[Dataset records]
- Opening Delimiter -

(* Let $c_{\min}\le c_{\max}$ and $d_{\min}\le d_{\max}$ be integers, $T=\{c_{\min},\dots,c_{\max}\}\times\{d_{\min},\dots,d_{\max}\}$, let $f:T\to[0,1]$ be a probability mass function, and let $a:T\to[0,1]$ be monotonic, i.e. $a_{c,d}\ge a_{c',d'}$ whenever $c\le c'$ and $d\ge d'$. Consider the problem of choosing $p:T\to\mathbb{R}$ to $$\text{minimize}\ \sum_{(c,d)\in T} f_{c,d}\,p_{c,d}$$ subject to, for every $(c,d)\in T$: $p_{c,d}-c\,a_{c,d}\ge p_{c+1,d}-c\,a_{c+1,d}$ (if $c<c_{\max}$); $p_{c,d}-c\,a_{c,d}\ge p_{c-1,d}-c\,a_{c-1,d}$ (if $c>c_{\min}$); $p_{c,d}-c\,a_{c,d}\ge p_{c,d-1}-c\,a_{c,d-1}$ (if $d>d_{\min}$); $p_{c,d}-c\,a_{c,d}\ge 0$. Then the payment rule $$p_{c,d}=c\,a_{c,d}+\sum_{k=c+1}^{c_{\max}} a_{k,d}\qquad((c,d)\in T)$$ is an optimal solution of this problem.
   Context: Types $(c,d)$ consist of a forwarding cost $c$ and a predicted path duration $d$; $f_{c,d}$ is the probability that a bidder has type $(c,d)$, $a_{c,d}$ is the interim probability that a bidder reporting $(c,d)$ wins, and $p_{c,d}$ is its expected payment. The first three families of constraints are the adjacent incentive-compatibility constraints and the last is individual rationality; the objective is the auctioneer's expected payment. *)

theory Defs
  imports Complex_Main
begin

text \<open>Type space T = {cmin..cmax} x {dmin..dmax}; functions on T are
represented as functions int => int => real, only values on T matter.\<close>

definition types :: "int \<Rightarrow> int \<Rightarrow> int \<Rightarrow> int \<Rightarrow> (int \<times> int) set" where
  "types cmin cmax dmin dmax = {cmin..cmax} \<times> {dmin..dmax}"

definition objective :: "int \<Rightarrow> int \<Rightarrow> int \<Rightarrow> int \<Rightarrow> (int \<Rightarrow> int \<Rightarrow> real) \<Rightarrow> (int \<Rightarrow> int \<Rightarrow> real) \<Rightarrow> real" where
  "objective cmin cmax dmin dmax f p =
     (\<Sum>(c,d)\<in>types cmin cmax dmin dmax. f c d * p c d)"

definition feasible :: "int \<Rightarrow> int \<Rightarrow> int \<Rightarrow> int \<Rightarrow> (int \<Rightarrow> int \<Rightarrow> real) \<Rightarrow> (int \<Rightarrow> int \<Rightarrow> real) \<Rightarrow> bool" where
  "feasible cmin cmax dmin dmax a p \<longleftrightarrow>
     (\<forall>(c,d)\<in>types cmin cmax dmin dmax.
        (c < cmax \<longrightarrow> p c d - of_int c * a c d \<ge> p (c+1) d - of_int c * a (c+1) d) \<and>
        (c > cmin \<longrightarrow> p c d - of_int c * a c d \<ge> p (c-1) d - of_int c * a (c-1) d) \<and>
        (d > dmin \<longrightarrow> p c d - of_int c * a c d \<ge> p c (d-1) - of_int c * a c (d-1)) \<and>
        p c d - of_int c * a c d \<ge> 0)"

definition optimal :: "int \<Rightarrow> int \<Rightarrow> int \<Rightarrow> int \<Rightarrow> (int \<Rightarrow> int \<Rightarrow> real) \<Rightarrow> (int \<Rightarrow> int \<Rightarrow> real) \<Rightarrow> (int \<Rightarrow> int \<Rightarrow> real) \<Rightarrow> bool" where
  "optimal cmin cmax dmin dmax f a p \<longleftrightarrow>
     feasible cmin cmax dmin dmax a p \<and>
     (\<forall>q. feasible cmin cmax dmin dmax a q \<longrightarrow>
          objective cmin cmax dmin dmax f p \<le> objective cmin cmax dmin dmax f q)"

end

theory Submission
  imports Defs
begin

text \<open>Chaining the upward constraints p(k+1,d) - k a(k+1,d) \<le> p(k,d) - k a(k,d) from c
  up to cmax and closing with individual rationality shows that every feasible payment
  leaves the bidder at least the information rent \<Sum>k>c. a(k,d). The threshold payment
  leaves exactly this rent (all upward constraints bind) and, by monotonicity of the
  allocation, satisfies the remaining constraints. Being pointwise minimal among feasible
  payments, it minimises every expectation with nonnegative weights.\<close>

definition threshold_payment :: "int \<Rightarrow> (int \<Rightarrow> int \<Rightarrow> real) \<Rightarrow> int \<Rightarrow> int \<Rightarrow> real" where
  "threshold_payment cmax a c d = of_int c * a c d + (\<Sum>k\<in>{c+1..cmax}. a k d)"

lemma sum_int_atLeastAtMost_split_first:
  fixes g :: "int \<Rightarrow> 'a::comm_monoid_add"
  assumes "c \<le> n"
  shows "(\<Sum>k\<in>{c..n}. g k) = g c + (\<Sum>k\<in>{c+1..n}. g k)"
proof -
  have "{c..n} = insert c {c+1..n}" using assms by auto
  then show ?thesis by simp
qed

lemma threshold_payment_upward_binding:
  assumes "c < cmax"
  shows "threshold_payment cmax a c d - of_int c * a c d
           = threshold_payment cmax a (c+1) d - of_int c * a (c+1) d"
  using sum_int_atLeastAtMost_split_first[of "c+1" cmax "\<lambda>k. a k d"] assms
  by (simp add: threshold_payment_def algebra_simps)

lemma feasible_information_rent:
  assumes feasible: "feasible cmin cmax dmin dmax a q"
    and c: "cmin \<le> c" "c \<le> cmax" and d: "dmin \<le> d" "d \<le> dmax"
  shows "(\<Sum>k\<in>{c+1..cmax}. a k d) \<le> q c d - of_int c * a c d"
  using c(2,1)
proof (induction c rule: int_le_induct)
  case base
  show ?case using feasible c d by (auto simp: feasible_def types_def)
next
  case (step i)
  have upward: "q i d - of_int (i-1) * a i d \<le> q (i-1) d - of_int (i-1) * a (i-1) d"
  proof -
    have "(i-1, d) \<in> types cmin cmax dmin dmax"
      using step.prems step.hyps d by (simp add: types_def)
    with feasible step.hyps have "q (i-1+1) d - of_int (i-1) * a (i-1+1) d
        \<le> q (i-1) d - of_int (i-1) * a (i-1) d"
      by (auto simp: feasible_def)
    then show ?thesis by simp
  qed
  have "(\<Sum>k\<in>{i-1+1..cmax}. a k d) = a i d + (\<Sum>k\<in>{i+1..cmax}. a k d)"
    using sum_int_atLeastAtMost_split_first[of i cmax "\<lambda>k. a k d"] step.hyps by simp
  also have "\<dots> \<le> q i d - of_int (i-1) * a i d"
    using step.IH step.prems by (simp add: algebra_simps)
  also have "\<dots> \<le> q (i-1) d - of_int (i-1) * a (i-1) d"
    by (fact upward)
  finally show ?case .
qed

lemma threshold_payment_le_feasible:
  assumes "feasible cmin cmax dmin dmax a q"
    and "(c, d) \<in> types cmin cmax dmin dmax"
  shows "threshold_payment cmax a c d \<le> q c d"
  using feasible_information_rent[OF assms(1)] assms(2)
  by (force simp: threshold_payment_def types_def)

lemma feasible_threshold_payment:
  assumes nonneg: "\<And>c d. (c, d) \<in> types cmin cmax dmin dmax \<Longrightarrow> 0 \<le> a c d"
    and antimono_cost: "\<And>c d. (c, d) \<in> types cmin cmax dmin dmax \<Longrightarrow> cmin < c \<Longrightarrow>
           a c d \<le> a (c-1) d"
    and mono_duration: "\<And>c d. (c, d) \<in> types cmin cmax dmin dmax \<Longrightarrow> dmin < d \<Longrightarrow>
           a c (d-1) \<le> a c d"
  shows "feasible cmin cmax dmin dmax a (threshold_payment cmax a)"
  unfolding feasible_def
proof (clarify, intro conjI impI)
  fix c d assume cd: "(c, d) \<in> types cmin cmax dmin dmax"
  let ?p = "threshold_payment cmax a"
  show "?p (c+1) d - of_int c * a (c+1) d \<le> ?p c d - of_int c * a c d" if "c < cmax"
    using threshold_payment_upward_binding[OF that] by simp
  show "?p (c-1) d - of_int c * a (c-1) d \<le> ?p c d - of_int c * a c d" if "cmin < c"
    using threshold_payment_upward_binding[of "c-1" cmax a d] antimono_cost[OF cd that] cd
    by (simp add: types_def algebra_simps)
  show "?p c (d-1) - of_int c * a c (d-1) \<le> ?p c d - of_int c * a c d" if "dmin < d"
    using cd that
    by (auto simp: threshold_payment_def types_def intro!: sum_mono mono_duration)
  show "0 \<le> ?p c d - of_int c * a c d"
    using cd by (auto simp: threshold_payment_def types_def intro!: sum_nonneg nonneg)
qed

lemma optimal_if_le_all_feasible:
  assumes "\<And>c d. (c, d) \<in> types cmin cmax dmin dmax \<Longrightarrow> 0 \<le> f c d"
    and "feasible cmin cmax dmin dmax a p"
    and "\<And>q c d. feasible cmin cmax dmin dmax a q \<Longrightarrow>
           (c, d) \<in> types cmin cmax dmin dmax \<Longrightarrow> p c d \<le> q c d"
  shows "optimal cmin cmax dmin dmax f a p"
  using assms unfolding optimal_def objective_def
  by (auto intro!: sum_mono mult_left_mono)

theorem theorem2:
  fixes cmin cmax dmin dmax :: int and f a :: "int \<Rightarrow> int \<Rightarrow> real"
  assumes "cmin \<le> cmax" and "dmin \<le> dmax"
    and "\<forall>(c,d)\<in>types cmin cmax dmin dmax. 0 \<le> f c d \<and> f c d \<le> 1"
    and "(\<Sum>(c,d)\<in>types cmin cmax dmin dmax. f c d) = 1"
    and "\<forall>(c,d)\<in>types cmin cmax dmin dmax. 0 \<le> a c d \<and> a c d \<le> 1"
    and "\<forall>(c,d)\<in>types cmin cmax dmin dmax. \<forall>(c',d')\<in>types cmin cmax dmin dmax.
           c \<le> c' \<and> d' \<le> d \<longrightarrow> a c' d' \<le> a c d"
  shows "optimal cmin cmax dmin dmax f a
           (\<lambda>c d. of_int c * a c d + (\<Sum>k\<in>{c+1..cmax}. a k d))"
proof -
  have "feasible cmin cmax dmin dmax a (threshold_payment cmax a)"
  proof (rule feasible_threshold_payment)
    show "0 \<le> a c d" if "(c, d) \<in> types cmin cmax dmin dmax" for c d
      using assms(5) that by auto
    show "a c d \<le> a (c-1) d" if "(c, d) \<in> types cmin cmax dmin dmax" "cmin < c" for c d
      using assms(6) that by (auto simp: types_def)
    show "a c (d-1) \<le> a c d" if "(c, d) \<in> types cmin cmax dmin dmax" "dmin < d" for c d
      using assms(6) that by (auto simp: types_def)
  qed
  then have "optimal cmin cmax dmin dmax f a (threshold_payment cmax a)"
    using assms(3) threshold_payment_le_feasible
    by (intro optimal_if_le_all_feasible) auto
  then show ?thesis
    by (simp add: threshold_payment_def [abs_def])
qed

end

- Closing Delimiter -
- Opening Delimiter -

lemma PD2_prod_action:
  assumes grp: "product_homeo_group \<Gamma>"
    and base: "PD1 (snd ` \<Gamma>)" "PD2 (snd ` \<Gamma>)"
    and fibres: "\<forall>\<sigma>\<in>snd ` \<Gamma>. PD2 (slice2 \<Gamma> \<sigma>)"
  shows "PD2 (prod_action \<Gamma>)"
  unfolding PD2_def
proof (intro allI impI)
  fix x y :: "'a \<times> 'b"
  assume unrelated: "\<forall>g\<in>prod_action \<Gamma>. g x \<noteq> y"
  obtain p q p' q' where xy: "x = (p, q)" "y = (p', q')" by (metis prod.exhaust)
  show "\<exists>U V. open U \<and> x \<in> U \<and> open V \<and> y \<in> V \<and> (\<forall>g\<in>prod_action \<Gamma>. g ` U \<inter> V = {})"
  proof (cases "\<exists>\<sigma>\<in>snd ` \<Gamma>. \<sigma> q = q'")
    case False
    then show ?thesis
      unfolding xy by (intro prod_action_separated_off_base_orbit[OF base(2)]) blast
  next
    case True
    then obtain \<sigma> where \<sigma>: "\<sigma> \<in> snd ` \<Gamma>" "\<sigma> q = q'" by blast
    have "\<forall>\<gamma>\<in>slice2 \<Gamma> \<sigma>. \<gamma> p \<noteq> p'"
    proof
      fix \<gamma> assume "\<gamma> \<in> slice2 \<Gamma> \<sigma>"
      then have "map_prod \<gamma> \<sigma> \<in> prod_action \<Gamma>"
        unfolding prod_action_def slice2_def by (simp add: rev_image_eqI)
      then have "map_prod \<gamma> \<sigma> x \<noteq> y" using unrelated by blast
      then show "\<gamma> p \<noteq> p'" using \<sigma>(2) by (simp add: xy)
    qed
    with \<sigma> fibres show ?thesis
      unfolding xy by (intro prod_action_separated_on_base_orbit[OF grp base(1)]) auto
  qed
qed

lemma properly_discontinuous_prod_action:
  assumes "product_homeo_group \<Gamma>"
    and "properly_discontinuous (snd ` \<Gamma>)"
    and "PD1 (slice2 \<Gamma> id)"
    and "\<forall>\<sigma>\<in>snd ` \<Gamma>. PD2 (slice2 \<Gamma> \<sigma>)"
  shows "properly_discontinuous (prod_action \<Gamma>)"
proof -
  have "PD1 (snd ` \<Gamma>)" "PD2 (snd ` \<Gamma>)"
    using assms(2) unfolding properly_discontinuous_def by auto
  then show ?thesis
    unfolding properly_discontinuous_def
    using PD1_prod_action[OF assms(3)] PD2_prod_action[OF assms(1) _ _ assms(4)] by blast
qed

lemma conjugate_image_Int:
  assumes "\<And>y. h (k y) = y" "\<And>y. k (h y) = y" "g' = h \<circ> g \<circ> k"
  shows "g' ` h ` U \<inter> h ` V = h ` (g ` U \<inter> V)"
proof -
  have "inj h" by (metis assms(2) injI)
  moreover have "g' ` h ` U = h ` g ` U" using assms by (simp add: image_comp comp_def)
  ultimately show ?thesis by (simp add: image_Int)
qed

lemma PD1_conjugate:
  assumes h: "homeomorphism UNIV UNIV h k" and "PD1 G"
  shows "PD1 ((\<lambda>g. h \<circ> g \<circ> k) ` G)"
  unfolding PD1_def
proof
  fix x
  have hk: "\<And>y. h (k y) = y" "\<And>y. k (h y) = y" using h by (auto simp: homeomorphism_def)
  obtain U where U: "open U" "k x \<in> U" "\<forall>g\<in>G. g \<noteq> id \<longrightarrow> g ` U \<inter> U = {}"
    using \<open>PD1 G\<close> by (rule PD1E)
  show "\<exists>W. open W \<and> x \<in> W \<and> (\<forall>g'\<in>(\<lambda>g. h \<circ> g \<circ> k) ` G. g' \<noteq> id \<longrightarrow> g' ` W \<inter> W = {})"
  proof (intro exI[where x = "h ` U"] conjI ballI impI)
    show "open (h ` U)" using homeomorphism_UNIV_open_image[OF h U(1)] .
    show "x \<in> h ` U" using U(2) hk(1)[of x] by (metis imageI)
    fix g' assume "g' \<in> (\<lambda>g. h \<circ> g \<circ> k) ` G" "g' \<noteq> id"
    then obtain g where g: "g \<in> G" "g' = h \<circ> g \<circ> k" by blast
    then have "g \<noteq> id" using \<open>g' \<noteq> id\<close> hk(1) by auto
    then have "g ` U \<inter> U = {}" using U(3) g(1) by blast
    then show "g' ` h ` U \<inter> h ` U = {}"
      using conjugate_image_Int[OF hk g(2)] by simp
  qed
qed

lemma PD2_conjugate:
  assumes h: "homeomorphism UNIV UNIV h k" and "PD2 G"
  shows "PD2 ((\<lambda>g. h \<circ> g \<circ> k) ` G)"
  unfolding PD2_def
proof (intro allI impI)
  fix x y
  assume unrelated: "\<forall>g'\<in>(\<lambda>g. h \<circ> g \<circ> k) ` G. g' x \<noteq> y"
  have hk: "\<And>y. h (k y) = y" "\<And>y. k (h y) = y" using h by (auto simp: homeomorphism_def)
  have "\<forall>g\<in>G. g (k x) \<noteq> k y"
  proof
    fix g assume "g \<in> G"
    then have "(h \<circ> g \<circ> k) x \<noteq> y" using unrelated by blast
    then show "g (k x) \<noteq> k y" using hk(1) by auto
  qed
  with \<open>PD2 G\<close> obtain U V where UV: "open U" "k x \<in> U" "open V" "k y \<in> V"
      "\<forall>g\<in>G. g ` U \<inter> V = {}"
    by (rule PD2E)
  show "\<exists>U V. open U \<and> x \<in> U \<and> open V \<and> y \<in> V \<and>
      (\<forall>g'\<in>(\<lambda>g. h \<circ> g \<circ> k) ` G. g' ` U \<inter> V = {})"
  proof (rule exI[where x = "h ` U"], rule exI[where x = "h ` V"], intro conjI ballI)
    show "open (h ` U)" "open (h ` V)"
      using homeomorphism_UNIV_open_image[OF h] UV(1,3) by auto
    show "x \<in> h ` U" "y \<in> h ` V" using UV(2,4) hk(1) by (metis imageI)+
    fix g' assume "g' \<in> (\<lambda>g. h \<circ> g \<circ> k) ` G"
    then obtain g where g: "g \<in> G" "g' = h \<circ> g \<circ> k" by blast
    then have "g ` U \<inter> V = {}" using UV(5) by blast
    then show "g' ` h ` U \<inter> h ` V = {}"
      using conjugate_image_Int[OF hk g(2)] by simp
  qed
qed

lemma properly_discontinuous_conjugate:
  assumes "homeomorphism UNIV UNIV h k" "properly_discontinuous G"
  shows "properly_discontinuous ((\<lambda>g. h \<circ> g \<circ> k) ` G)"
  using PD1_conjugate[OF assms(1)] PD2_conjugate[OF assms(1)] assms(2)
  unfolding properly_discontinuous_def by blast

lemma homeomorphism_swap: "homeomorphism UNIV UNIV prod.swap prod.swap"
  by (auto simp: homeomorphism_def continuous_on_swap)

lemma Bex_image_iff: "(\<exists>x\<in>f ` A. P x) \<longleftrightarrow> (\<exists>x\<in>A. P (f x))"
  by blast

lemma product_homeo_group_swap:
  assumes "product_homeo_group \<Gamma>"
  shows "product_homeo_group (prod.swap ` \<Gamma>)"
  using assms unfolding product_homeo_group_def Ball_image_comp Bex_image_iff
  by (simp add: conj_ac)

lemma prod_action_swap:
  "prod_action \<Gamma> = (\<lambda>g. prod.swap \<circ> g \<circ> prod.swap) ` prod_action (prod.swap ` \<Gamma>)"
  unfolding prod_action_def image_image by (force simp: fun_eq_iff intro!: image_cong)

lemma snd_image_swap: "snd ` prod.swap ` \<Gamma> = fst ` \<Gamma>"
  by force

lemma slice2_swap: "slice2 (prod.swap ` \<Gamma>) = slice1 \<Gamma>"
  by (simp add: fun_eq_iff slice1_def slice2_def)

- Closing Delimiter -

WHAT THE TASK ASKS
Return a word-for-word copy of the lines above from the one holding "objective cmin cmax dmin dmax f p \<le>" through the one holding "payments, it minimises", with both of them included and nothing besides.

WORKED SOLUTION
          objective cmin cmax dmin dmax f p \<le> objective cmin cmax dmin dmax f q)"

end

theory Submission
  imports Defs
begin

text \<open>Chaining the upward constraints p(k+1,d) - k a(k+1,d) \<le> p(k,d) - k a(k,d) from c
  up to cmax and closing with individual rationality shows that every feasible payment
  leaves the bidder at least the information rent \<Sum>k>c. a(k,d). The threshold payment
  leaves exactly this rent (all upward constraints bind) and, by monotonicity of the
  allocation, satisfies the remaining constraints. Being pointwise minimal among feasible
  payments, it minimises every expectation with nonnegative weights.\<close>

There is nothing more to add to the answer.